西村 仮説検証プロジェクトチームは、これまで申し上げてきたように、西新宿の課題をアンケートなどによって明らかにして仮説検証するチームです。 

 課題解決プロジェクトチームは4つのテーマ、「地域の魅力創出」「認知度向上・地域への参画促進」「移動環境の整備」「新たなワークスタイルの確立」のテーマごとに、方向性や実証の検討を行う。

玉田 課題解決するにあたっては、スタートアップ企業、通信事業者もそうですが、一般の企業も含めて課題をまず広く共有した上で、解決できるような提案を募っています。提案してくださったのは48社でした。

戦略政策情報推進本部 ICT推進部 次世代通信推進課 次世代通信推進担当の玉田辰哉さん

  具体的には、伝統文化を学び、異業種世代交流を促すコミュニティの提供、エリア情報や混雑情報を発信するスマートサイネージの提供、エリア内の魅力的なスポットや効率的な移動ルートを可視化するARガイド・ARナビゲーションの提供、余剰スペースを持つビルオーナーと働く場所を探す人とをマッチングできるサービスの提供などが提案された。

西村 スマートシティに欠かせない、都市OS検討プロジェクトもあります。このプロジェクトチームでは、産官学の視点で、都市OSに関する討議や、都市OSの構築の方向性検討、試行を行っています。これらプロジェクトチームの取り組みや課題を共有し、実証したものを合議するのが西新宿スマートシティ協議会自体の活動です。フェーズごとに区切って年4回、しっかりと合議の場を設けています。同協議会にはさらに、広報・巻き込みタスクフォースも設置されています。

戦略政策情報推進本部 戦略事業部 デジタルシフト推進担当課長の西村 唯さん

 これらの協議会の取り組みを、西新宿に関わる人たちにはもちろん、都民や他の地域の人たちにも知ってもらうのが、このタスクフォースの役割。今年度はおもに3つの施策を行っている。

西村 1つ目は、西新宿スマートシティプロジェクトのホームページを通じての情報発信。このホームページには、西新宿スマートシティ協議会の取り組みの内容であったり、そもそも西新宿ってどんな街?と いったことを広く周知して、スマートシティみたいな取り組みをやっているんだ、と理解を深めるための施策を行っています。

西新宿スマートシティプロジェクトのホームページ(https://smartcity-nishishinjuku.jp/)
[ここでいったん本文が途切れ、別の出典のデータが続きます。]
(* For every regular social purpose game $\Gamma$ and every level of cooperation $k\in\{2,\dots,n\}$, there exists at least one partial cooperative leadership equilibrium of $\Gamma$ at level $k$.
   Context: A social purpose game $\Gamma=\langle N,\overline{Q},H,(\alpha_i,h_i,g_i)_{i\in N}\rangle$ consists of a player set $N=\{1,\dots,n\}$ with $n\ge 2$, a number $\overline{Q}>0$ such that every player's strategy set is $S_i=[0,\overline{Q}]$, a function $H\colon\mathbb{R}\to\mathbb{R}$, and for each $i\in N$ a weight $\alpha_i>0$ and functions $h_i,g_i\colon[0,\overline{Q}]\to\mathbb{R}$, with players ordered so that $0<\alpha_1\le\dots\le\alpha_n$. The payoff of player $i$ at $x\in[0,\overline{Q}]^N$ is $\pi_i(x)=\alpha_i H\big(\sum_{j=1}^n h_j(x_j)\big)-g_i(x_i)$. $\Gamma$ is regular if: each $h_i$ is the identity; $H$ is continuously differentiable, increasing and concave; and each $g_i$ is continuously differentiable, increasing and convex. For a level of cooperation $k\in\{2,\dots,n\}$, let $C_k=\{n-k+1,\dots,n\}$ (cooperators) and $N_k=N\setminus C_k=\{1,\dots,n-k\}$ (non-cooperators); write profiles as $(x^{N_k},x^{C_k})$ with $x^{N_k}\in[0,\overline{Q}]^{N_k}$, $x^{C_k}\in[0,\overline{Q}]^{C_k}$. For fixed $x^{C_k}$, $\mathrm{NE}(x^{C_k})\subseteq[0,\overline{Q}]^{N_k}$ is the set of Nash equilibria of the game with player set $N_k$, strategy sets $[0,\overline{Q}]$ and payoffs $x^{N_k}\mapsto\pi_j(x^{N_k},x^{C_k})$, $j\in N_k$ (when $N_k=\emptyset$ this set consists of the empty profile). Define $\tilde\pi(x^{C_k})=\min_{x^{N_k}\in\mathrm{NE}(x^{C_k})}\sum_{i\in C_k}\pi_i(x^{N_k},x^{C_k})$. A partial cooperative leadership equilibrium (PCLE) at level $k$ is a profile $(x^{N_k}_*,x^{C_k}_* )$ such that $x^{C_k}_*$ maximizes $\tilde\pi$ over $[0,\overline{Q}]^{C_k}$ and $x^{N_k}_*\in\arg\min_{x^{N_k}\in\mathrm{NE}(x^{C_k}_* )}\sum_{i\in C_k}\pi_i(x^{N_k},x^{C_k}_* )$. *)

theory Defs
  imports "HOL-Analysis.Analysis"
begin

text \<open>A social purpose game is given by n, Qbar, H, alpha, h, g. Players are 1..n;
  profiles are functions nat => real whose values on 1..n lie in [0,Qbar]
  (values outside 1..n are irrelevant).\<close>

definition spg_payoff ::
  "nat \<Rightarrow> (real \<Rightarrow> real) \<Rightarrow> (nat \<Rightarrow> real) \<Rightarrow> (nat \<Rightarrow> real \<Rightarrow> real) \<Rightarrow> (nat \<Rightarrow> real \<Rightarrow> real)
    \<Rightarrow> nat \<Rightarrow> (nat \<Rightarrow> real) \<Rightarrow> real" where
  "spg_payoff n H \<alpha> h g i x = \<alpha> i * H (\<Sum>j\<in>{1..n}. h j (x j)) - g i (x i)"

definition social_purpose_game :: "nat \<Rightarrow> real \<Rightarrow> (nat \<Rightarrow> real) \<Rightarrow> bool" where
  "social_purpose_game n Q \<alpha> \<longleftrightarrow> n \<ge> 2 \<and> Q > 0 \<and> (\<forall>i\<in>{1..n}. \<alpha> i > 0)
     \<and> (\<forall>i j. 1 \<le> i \<and> i \<le> j \<and> j \<le> n \<longrightarrow> \<alpha> i \<le> \<alpha> j)"

definition continuously_differentiable_on_interval :: "real \<Rightarrow> real \<Rightarrow> (real \<Rightarrow> real) \<Rightarrow> bool" where
  "continuously_differentiable_on_interval a b f \<longleftrightarrow>
     (\<exists>f'. continuous_on {a..b} f' \<and> (\<forall>t\<in>{a..b}. (f has_real_derivative f' t) (at t within {a..b})))"

definition regular_spg ::
  "nat \<Rightarrow> real \<Rightarrow> (real \<Rightarrow> real) \<Rightarrow> (nat \<Rightarrow> real) \<Rightarrow> (nat \<Rightarrow> real \<Rightarrow> real) \<Rightarrow> (nat \<Rightarrow> real \<Rightarrow> real) \<Rightarrow> bool" where
  "regular_spg n Q H \<alpha> h g \<longleftrightarrow>
     social_purpose_game n Q \<alpha>
     \<and> (\<forall>i\<in>{1..n}. \<forall>t\<in>{0..Q}. h i t = t)
     \<and> (\<exists>H'. continuous_on UNIV H' \<and> (\<forall>t. (H has_real_derivative H' t) (at t)))
     \<and> mono H \<and> concave_on UNIV H
     \<and> (\<forall>i\<in>{1..n}. continuously_differentiable_on_interval 0 Q (g i)
                     \<and> mono_on {0..Q} (g i) \<and> convex_on {0..Q} (g i))"

definition spg_profiles :: "nat \<Rightarrow> real \<Rightarrow> (nat \<Rightarrow> real) set" where
  "spg_profiles n Q = {x. \<forall>i\<in>{1..n}. x i \<in> {0..Q}}"

definition cooperators :: "nat \<Rightarrow> nat \<Rightarrow> nat set" where
  "cooperators n k = {n - k + 1..n}"

definition noncooperators :: "nat \<Rightarrow> nat \<Rightarrow> nat set" where
  "noncooperators n k = {1..n - k}"

definition noncoop_NE ::
  "nat \<Rightarrow> real \<Rightarrow> (real \<Rightarrow> real) \<Rightarrow> (nat \<Rightarrow> real) \<Rightarrow> (nat \<Rightarrow> real \<Rightarrow> real) \<Rightarrow> (nat \<Rightarrow> real \<Rightarrow> real)
    \<Rightarrow> nat \<Rightarrow> (nat \<Rightarrow> real) \<Rightarrow> bool" where
  "noncoop_NE n Q H \<alpha> h g k x \<longleftrightarrow> x \<in> spg_profiles n Q \<and>
     (\<forall>j\<in>noncooperators n k. \<forall>t\<in>{0..Q}.
        spg_payoff n H \<alpha> h g j (x(j := t)) \<le> spg_payoff n H \<alpha> h g j x)"

definition coop_sum ::
  "nat \<Rightarrow> (real \<Rightarrow> real) \<Rightarrow> (nat \<Rightarrow> real) \<Rightarrow> (nat \<Rightarrow> real \<Rightarrow> real) \<Rightarrow> (nat \<Rightarrow> real \<Rightarrow> real)
    \<Rightarrow> nat \<Rightarrow> (nat \<Rightarrow> real) \<Rightarrow> real" where
  "coop_sum n H \<alpha> h g k x = (\<Sum>i\<in>cooperators n k. spg_payoff n H \<alpha> h g i x)"

definition NE_given ::
  "nat \<Rightarrow> real \<Rightarrow> (real \<Rightarrow> real) \<Rightarrow> (nat \<Rightarrow> real) \<Rightarrow> (nat \<Rightarrow> real \<Rightarrow> real) \<Rightarrow> (nat \<Rightarrow> real \<Rightarrow> real)
    \<Rightarrow> nat \<Rightarrow> (nat \<Rightarrow> real) \<Rightarrow> (nat \<Rightarrow> real) set" where
  "NE_given n Q H \<alpha> h g k x =
     {z. noncoop_NE n Q H \<alpha> h g k z \<and> (\<forall>i\<in>cooperators n k. z i = x i)}"

definition tilde_pi ::
  "nat \<Rightarrow> real \<Rightarrow> (real \<Rightarrow> real) \<Rightarrow> (nat \<Rightarrow> real) \<Rightarrow> (nat \<Rightarrow> real \<Rightarrow> real) \<Rightarrow> (nat \<Rightarrow> real \<Rightarrow> real)
    \<Rightarrow> nat \<Rightarrow> (nat \<Rightarrow> real) \<Rightarrow> real" where
  "tilde_pi n Q H \<alpha> h g k x = Inf (coop_sum n H \<alpha> h g k ` NE_given n Q H \<alpha> h g k x)"

definition is_PCLE ::
  "nat \<Rightarrow> real \<Rightarrow> (real \<Rightarrow> real) \<Rightarrow> (nat \<Rightarrow> real) \<Rightarrow> (nat \<Rightarrow> real \<Rightarrow> real) \<Rightarrow> (nat \<Rightarrow> real \<Rightarrow> real)
    \<Rightarrow> nat \<Rightarrow> (nat \<Rightarrow> real) \<Rightarrow> bool" where
  "is_PCLE n Q H \<alpha> h g k x \<longleftrightarrow>
     x \<in> spg_profiles n Q
     \<and> (\<forall>y\<in>spg_profiles n Q. tilde_pi n Q H \<alpha> h g k y \<le> tilde_pi n Q H \<alpha> h g k x)
     \<and> x \<in> NE_given n Q H \<alpha> h g k x
     \<and> (\<forall>z\<in>NE_given n Q H \<alpha> h g k x. coop_sum n H \<alpha> h g k x \<le> coop_sum n H \<alpha> h g k z)"

end

theory Submission
  imports Defs
begin

text \<open>Fix the cooperators' total contribution T. A noncooperator's payoff is concave in its own
  strategy, so its best responses to an aggregate S form the interval between the least and the
  greatest solution of the first-order condition \<open>\<alpha>\<^sub>j H'(S) = g\<^sub>j'(x)\<close> (corrected at the
  boundary of [0, Q]). As H' is decreasing, the least response is antitone in S, and the least
  equilibrium aggregate is the least S with \<open>T + \<Sum>\<^sub>j least response\<^sub>j(S) \<le> S\<close>; it depends
  1-Lipschitz on T. Since H is increasing, the equilibrium with this aggregate is the worst one
  for the cooperators, so their guaranteed payoff is a continuous function of their strategies.
  It attains its maximum on the compact strategy box, and a maximiser together with its worst
  equilibrium is a partial cooperative leadership equilibrium.\<close>

section \<open>Tangents of convex functions and eventual bounds\<close>

lemma convex_on_Icc_derivative_le_slope:
  fixes f :: "real \<Rightarrow> real"
  assumes conv: "convex_on {a..b} f" and c: "c \<in> {a..b}" and x: "x \<in> {a..b}" and "c < x"
    and deriv: "(f has_real_derivative f') (at c within {a..b})"
  shows "f' \<le> (f x - f c) / (x - c)"
proof -
  let ?A = "{c<..<x}"
  have "at c within ?A \<noteq> bot" using \<open>c < x\<close> by (subst at_within_eq_bot_iff) auto
  moreover from deriv have "((\<lambda>y. (f y - f c) / (y - c)) \<longlongrightarrow> f') (at c within ?A)"
    unfolding has_field_derivative_iff using c x
    by (elim tendsto_mono[rotated]) (intro at_le, auto)
  moreover have "eventually (\<lambda>y. (f y - f c) / (y - c) \<le> (f x - f c) / (x - c)) (at c within ?A)"
    unfolding eventually_at_filter
  proof (rule always_eventually, intro allI impI)
    fix y assume y: "y \<in> ?A"
    with conv x c have "f y \<le> (f x - f c) / (x - c) * (y - c) + f c"
      by (intro convex_onD_Icc' convex_on_subset[OF conv]) auto
    then have "f y - f c \<le> (f x - f c) / (x - c) * (y - c)" by simp
    then show "(f y - f c) / (y - c) \<le> (f x - f c) / (x - c)"
      using y by (simp add: field_split_simps)
  qed
  ultimately show ?thesis by (simp add: tendsto_upperbound)
qed

lemma convex_on_Icc_slope_le_derivative:
  fixes f :: "real \<Rightarrow> real"
  assumes conv: "convex_on {a..b} f" and c: "c \<in> {a..b}" and x: "x \<in> {a..b}" and "x < c"
    and deriv: "(f has_real_derivative f') (at c within {a..b})"
  shows "(f x - f c) / (x - c) \<le> f'"
proof -
  let ?A = "{x<..<c}"
  have "at c within ?A \<noteq> bot" using \<open>x < c\<close> by (subst at_within_eq_bot_iff) auto
  moreover from deriv have "((\<lambda>y. (f y - f c) / (y - c)) \<longlongrightarrow> f') (at c within ?A)"
    unfolding has_field_derivative_iff using c x
    by (elim tendsto_mono[rotated]) (intro at_le, auto)
  moreover have "eventually (\<lambda>y. (f x - f c) / (x - c) \<le> (f y - f c) / (y - c)) (at c within ?A)"
    unfolding eventually_at_filter
  proof (rule always_eventually, intro allI impI)
    fix y assume y: "y \<in> ?A"
    with conv x c have "f y \<le> (f x - f c) / (c - x) * (c - y) + f c"
      by (intro convex_onD_Icc'' convex_on_subset[OF conv]) auto
    then have "f y - f c \<le> (f x - f c) * ((c - y) / (c - x))" by simp
    also have "(c - y) / (c - x) = (y - c) / (x - c)" using y \<open>x < c\<close> by (simp add: field_simps)
    finally show "(f x - f c) / (x - c) \<le> (f y - f c) / (y - c)"
      using y by (simp add: field_split_simps)
  qed
  ultimately show ?thesis by (simp add: tendsto_lowerbound)
qed

lemma convex_on_Icc_above_tangent:
  fixes f :: "real \<Rightarrow> real"
  assumes "convex_on {a..b} f" and "c \<in> {a..b}" and "x \<in> {a..b}"
    and "(f has_real_derivative f') (at c within {a..b})"
  shows "f' * (x - c) \<le> f x - f c"
proof (cases x c rule: linorder_cases)
  case less
  with convex_on_Icc_slope_le_derivative[OF assms(1-3) less assms(4)] show ?thesis
    by (simp add: field_simps)
next
  case greater
  with convex_on_Icc_derivative_le_slope[OF assms(1-3) greater assms(4)] show ?thesis
    by (simp add: field_simps)
qed simp

lemma convex_on_Icc_imp_mono_derivative:
  fixes f :: "real \<Rightarrow> real"
  assumes conv: "convex_on {a..b} f"
    and deriv: "\<And>t. t \<in> {a..b} \<Longrightarrow> (f has_real_derivative f' t) (at t within {a..b})"
  shows "mono_on {a..b} f'"
proof (rule mono_onI)
  fix x y assume x: "x \<in> {a..b}" and y: "y \<in> {a..b}" and "x \<le> y"
  have "f' x * (y - x) \<le> f y - f x" "f' y * (x - y) \<le> f x - f y"
    using convex_on_Icc_above_tangent[OF conv] x y deriv by blast+
  then have "0 \<le> (f' y - f' x) * (y - x)" by (simp add: algebra_simps)
  with \<open>x \<le> y\<close> show "f' x \<le> f' y"
    by (cases "x = y") (auto simp: zero_le_mult_iff)
qed

lemma concave_on_UNIV_below_tangent:
  fixes f :: "real \<Rightarrow> real"
  assumes "concave_on UNIV f" and "(f has_real_derivative f') (at s)"
  shows "f t \<le> f s + f' * (t - s)"
proof -
  have "- f' * (t - s) \<le> - f t - - f s"
    using assms by (intro convex_on_imp_above_tangent) (auto simp: concave_on_def intro: derivative_eq_intros)
  thus ?thesis by (simp add: algebra_simps)
qed

lemma concave_on_UNIV_imp_antimono_derivative:
  fixes f :: "real \<Rightarrow> real"
  assumes conc: "concave_on UNIV f" and deriv: "\<And>t. (f has_real_derivative f' t) (at t)"
  shows "antimono f'"
proof (rule antimonoI)
  fix s t :: real assume "s \<le> t"
  have "f t \<le> f s + f' s * (t - s)" "f s \<le> f t + f' t * (s - t)"
    by (rule concave_on_UNIV_below_tangent[OF conc deriv])+
  then have "0 \<le> (f' s - f' t) * (t - s)" by (simp add: algebra_simps)
  with \<open>s \<le> t\<close> show "f' t \<le> f' s"
    by (cases "s = t") (auto simp: zero_le_mult_iff)
qed

lemma open_Collect_eventually:
  assumes "\<And>x. P x \<Longrightarrow> eventually P (nhds x)"
  shows "open {x. P x}"
  unfolding open_subopen[of "{x. P x}"]
proof
  fix x assume "x \<in> {x. P x}"
  then have "eventually P (nhds x)" using assms by simp
  then obtain S where "open S" "x \<in> S" "\<forall>y\<in>S. P y" unfolding eventually_nhds by blast
  then show "\<exists>S. open S \<and> x \<in> S \<and> S \<subseteq> {x. P x}" by blast
qed

lemma eventually_sum_gt:
  fixes f :: "'i \<Rightarrow> 'a \<Rightarrow> real"
  assumes "finite A"
    and "\<And>j e. j \<in> A \<Longrightarrow> 0 < e \<Longrightarrow> eventually (\<lambda>x. c j - e < f j x) F"
    and "0 < e"
  shows "eventually (\<lambda>x. (\<Sum>j\<in>A. c j) - e < (\<Sum>j\<in>A. f j x)) F"
  using assms
proof (induction A arbitrary: e rule: finite_induct)
  case (insert j A)
  have "eventually (\<lambda>x. c j - e/2 < f j x) F"
    using insert.prems by simp
  moreover have "eventually (\<lambda>x. (\<Sum>i\<in>A. c i) - e/2 < (\<Sum>i\<in>A. f i x)) F"
    using insert.prems by (intro insert.IH) auto
  ultimately show ?case by eventually_elim (use insert.hyps in simp)
qed simp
 2つ目は、LINEの公式アカウントを活用したコミュニティの形成。コミュニティの参加者からの意見や、アンケートなどを行って、協議会での取り組みの参考にする。

西村 たとえば西新宿でこんな活動があったときに、あなたはどれに参加してみたいですか、といったアンケートをとって、みなさんがどういったものに反応してくれるかを知る、というような取り組みをしています。

コミュニティの交流ツールとして情報発信や意見の収集を行う。

 3つめは、都民と西新宿で働く人たちを対象に、デジタル技術を活用した5G体験イベントなどを実施すること。

西村 2020年11月に行ったイベントでは、5GやICT技術を活用して、実際にサービスを体験する機会を提供しました。

 今後も、西新宿エリアで5GやWi-Fiを重点的に整備したり、5GアンテナやWi-Fi、LED灯などを搭載したスマートポールの試行設置、情報の収集とサービスの提供をエリア全体で行えるように、データの利用や活用について調査、検討などを進めていくとのこと。 さらに、スタートアップ企業の集積拠点の開設といったことにも取り組む予定だ。西新宿は「スマートプロジェクト」によって、人や投資が集まる活気あるエリアになっていくだろう。